═══ Records for processing ═══

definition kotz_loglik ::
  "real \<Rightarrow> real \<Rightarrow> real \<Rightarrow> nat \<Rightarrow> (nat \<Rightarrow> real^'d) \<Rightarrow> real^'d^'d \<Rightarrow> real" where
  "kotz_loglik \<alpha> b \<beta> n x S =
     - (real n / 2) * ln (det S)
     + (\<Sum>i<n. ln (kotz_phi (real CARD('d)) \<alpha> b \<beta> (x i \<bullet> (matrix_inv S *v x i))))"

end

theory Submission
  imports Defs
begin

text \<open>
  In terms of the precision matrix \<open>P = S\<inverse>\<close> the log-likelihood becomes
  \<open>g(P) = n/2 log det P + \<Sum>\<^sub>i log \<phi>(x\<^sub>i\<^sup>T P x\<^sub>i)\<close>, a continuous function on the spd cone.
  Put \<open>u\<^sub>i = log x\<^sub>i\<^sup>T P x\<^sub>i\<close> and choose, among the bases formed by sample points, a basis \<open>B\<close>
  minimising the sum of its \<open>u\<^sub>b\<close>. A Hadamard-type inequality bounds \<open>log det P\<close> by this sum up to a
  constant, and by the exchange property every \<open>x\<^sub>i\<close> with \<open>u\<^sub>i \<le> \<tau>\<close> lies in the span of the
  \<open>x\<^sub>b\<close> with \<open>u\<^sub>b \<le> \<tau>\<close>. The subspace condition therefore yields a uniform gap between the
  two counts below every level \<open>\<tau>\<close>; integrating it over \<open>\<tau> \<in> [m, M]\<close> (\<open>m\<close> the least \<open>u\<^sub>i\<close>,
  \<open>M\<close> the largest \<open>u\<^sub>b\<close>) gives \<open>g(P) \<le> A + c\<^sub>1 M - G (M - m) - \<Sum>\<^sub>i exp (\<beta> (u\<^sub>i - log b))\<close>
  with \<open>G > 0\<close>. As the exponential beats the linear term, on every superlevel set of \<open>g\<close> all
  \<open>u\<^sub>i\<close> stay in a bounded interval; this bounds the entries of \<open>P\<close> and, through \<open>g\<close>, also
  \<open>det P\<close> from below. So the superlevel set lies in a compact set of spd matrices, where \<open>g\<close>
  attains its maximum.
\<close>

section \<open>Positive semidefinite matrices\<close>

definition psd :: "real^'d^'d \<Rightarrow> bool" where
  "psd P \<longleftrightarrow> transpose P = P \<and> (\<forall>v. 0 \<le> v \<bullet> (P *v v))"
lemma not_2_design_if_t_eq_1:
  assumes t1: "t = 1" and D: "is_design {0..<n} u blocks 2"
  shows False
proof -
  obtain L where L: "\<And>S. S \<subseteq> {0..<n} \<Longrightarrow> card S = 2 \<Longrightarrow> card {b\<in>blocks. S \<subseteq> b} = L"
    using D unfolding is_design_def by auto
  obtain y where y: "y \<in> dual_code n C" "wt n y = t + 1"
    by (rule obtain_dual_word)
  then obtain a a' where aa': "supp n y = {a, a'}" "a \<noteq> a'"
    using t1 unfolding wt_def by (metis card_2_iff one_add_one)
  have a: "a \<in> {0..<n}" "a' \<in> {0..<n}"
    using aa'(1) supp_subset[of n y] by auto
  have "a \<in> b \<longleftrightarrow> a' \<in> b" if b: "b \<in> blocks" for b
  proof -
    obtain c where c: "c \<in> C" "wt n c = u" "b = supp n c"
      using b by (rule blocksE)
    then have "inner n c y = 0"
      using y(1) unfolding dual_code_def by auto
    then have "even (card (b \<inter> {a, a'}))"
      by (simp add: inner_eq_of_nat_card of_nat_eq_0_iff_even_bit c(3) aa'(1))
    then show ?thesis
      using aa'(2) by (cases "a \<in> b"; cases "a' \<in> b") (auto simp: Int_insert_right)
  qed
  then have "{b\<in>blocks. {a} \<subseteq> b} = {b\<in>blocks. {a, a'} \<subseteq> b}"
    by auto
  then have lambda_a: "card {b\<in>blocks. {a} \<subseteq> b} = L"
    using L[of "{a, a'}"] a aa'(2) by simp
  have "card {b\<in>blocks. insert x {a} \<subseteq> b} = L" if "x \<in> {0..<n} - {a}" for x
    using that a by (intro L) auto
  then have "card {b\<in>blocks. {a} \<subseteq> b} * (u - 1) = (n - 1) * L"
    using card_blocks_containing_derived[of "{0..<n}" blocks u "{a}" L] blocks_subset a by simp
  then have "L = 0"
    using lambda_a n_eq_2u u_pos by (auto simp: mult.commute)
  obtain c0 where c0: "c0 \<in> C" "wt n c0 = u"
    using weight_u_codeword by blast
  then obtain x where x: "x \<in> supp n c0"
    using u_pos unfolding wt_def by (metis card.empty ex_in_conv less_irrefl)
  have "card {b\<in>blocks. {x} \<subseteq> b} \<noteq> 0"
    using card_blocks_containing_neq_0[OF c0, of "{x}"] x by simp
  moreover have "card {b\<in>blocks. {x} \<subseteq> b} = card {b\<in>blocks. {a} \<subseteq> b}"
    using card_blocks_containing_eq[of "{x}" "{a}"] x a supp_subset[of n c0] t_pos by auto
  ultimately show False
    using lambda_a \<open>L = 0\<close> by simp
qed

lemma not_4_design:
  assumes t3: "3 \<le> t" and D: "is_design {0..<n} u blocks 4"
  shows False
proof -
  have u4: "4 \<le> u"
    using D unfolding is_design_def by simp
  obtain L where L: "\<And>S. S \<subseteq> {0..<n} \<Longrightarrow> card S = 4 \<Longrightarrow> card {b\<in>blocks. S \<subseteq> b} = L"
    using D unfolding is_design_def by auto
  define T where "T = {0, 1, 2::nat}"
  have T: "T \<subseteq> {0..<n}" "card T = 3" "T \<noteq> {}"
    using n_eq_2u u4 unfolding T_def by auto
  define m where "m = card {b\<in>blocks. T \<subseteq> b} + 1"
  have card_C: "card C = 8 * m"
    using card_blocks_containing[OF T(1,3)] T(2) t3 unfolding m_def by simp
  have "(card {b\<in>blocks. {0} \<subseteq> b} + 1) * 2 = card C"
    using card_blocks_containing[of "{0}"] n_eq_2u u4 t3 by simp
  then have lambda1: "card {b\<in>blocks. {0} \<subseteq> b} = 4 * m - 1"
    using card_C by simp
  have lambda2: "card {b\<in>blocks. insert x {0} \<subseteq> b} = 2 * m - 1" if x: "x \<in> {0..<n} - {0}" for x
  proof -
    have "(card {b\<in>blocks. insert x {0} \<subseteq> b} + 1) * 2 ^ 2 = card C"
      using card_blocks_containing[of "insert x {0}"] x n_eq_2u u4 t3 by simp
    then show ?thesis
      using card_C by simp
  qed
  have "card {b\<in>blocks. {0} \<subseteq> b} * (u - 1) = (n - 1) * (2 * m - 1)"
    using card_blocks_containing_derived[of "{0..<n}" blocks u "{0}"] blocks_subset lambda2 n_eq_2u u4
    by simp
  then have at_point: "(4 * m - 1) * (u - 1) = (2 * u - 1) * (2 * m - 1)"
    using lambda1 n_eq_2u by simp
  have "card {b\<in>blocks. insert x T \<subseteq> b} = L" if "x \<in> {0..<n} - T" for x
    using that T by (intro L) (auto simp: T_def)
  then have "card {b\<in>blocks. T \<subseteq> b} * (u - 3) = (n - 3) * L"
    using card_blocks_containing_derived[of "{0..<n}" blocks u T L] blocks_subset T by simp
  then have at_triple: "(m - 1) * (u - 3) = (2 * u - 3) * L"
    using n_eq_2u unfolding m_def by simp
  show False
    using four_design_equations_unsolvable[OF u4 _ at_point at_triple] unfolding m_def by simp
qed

═══

▶ _Task statement_:
What lines of the listing contain the word "auto"? Copy them all.

▶ _Solution to this task_:
    using D unfolding is_design_def by auto
    using aa'(1) supp_subset[of n y] by auto
      using y(1) unfolding dual_code_def by auto
      using aa'(2) by (cases "a \<in> b"; cases "a' \<in> b") (auto simp: Int_insert_right)
    by auto
    using that a by (intro L) auto
    using lambda_a n_eq_2u u_pos by (auto simp: mult.commute)
    using card_blocks_containing_eq[of "{x}" "{a}"] x a supp_subset[of n c0] t_pos by auto
    using D unfolding is_design_def by auto
    using n_eq_2u u4 unfolding T_def by auto
    using that T by (intro L) (auto simp: T_def)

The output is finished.